* [Task brief]
Your answer must consist solely of the line containing "(use \<open>x \<ge> 0\<close> in auto)" and each line after it through the end of the data, copied exactly.

Saved data entries

%%

lemma right_solution:
  assumes F: "smooth3 {0..} F" "bounded (F ` {0..})" and q: "smooth3 UNIV q" "bounded (range q)"
    and eq: "\<And>x. x > 0 \<Longrightarrow> L {0..} (G {0..} F) x = L UNIV (G UNIV q) x"
  shows "Dx {0..} (G {0..} F) 0 - Dx UNIV (G UNIV q) 0 = \<mu>\<^sub>m * (G {0..} F 0 - G UNIV q 0)"
    and "F 0 = q 0 \<Longrightarrow> G {0..} F 0 = G UNIV q 0 \<Longrightarrow> x \<ge> 0 \<Longrightarrow> F x = q x"
proof -
  let ?S = "{0::real..}"
  define e where "e x = F x - q x" for x
  define e1 where "e1 x = Dx ?S F x - Dx UNIV q x" for x
  define e2 where "e2 x = Dx ?S (Dx ?S F) x - Dx UNIV (Dx UNIV q) x" for x
  define e3 where "e3 x = Dx ?S (Dx ?S (Dx ?S F)) x - Dx UNIV (Dx UNIV (Dx UNIV q)) x" for x
  have jet: "jet3 ?S e e1 e2 e3"
    unfolding e_def e1_def e2_def e3_def
    by (rule jet3_diff[OF smooth3_imp_jet3[OF F(1)] jet3_subset[OF smooth3_imp_jet3[OF q(1)]]]) simp
  have bounded: "bounded (e ` ?S)"
    unfolding e_def by (rule bounded_minus_comp[OF F(2) bounded_subset[OF q(2)]]) auto
  have ode: "e3 x - (\<mu>\<^sub>p + \<mu>\<^sub>m + \<mu>\<^sub>0) * e2 x + (\<mu>\<^sub>p * \<mu>\<^sub>m + \<mu>\<^sub>p * \<mu>\<^sub>0 + \<mu>\<^sub>m * \<mu>\<^sub>0) * e1 x
      - \<mu>\<^sub>p * \<mu>\<^sub>m * \<mu>\<^sub>0 * e x = 0" if "x > 0" for x
  proof -
    have "x \<in> ?S"
      using that by simp
    from LG_poly_error_zero[OF F(1) q(1) this at_within_Ici_nontrivial eq[OF that]] show ?thesis
      unfolding LG_poly_def e_def e1_def e2_def e3_def .
  qed
  have ode2: "e2 x - (\<mu>\<^sub>m + \<mu>\<^sub>0) * e1 x + \<mu>\<^sub>m * \<mu>\<^sub>0 * e x = 0" if "x \<in> ?S" for x
    using third_order_ode_bounded_right[OF jet bounded ode Re_\<mu>\<^sub>p Re_\<mu>\<^sub>m Re_\<mu>\<^sub>0] that by simp
  note trace = G_trace_diff[OF F(1) q(1) _ at_within_Ici_nontrivial, simplified]
  have trace1: "G ?S F 0 - G UNIV q 0 = \<alpha> * e 0 + of_real u * e1 0"
    unfolding e_def e1_def by (rule trace(1))
  have trace2: "Dx ?S (G ?S F) 0 - Dx UNIV (G UNIV q) 0 = \<alpha> * e1 0 + of_real u * e2 0"
    unfolding e1_def e2_def by (rule trace(2))
  have "Dx ?S (G ?S F) 0 - Dx UNIV (G UNIV q) 0 - \<mu>\<^sub>m * (G ?S F 0 - G UNIV q 0)
      = of_real u * (e2 0 - (\<mu>\<^sub>m + \<mu>\<^sub>0) * e1 0 + \<mu>\<^sub>m * \<mu>\<^sub>0 * e 0)"
    unfolding trace1 trace2 \<alpha>_eq by (simp add: algebra_simps)
  also have "\<dots> = 0"
    using ode2[of 0] by simp
  finally show "Dx ?S (G ?S F) 0 - Dx UNIV (G UNIV q) 0 = \<mu>\<^sub>m * (G ?S F 0 - G UNIV q 0)"
    by simp
  assume "F 0 = q 0" "G ?S F 0 = G UNIV q 0" "x \<ge> 0"
  then have "e 0 = 0" and "of_real u * e1 0 = 0"
    using trace1 by (simp_all add: e_def)
  then have "e 0 = 0" and "e1 0 = 0"
    using u_pos by simp_all
  have "e x = 0"
    by (rule second_order_ode_zero_initial[OF _ _ _ jet3_imp_jet2[OF jet] ode2 \<open>e 0 = 0\<close> \<open>e1 0 = 0\<close>])
      (use \<open>x \<ge> 0\<close> in auto)
  then show "F x = q x"
    by (simp add: e_def)
qed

%%

* [Solution to the problem]
      (use \<open>x \<ge> 0\<close> in auto)
  then show "F x = q x"
    by (simp add: e_def)
qed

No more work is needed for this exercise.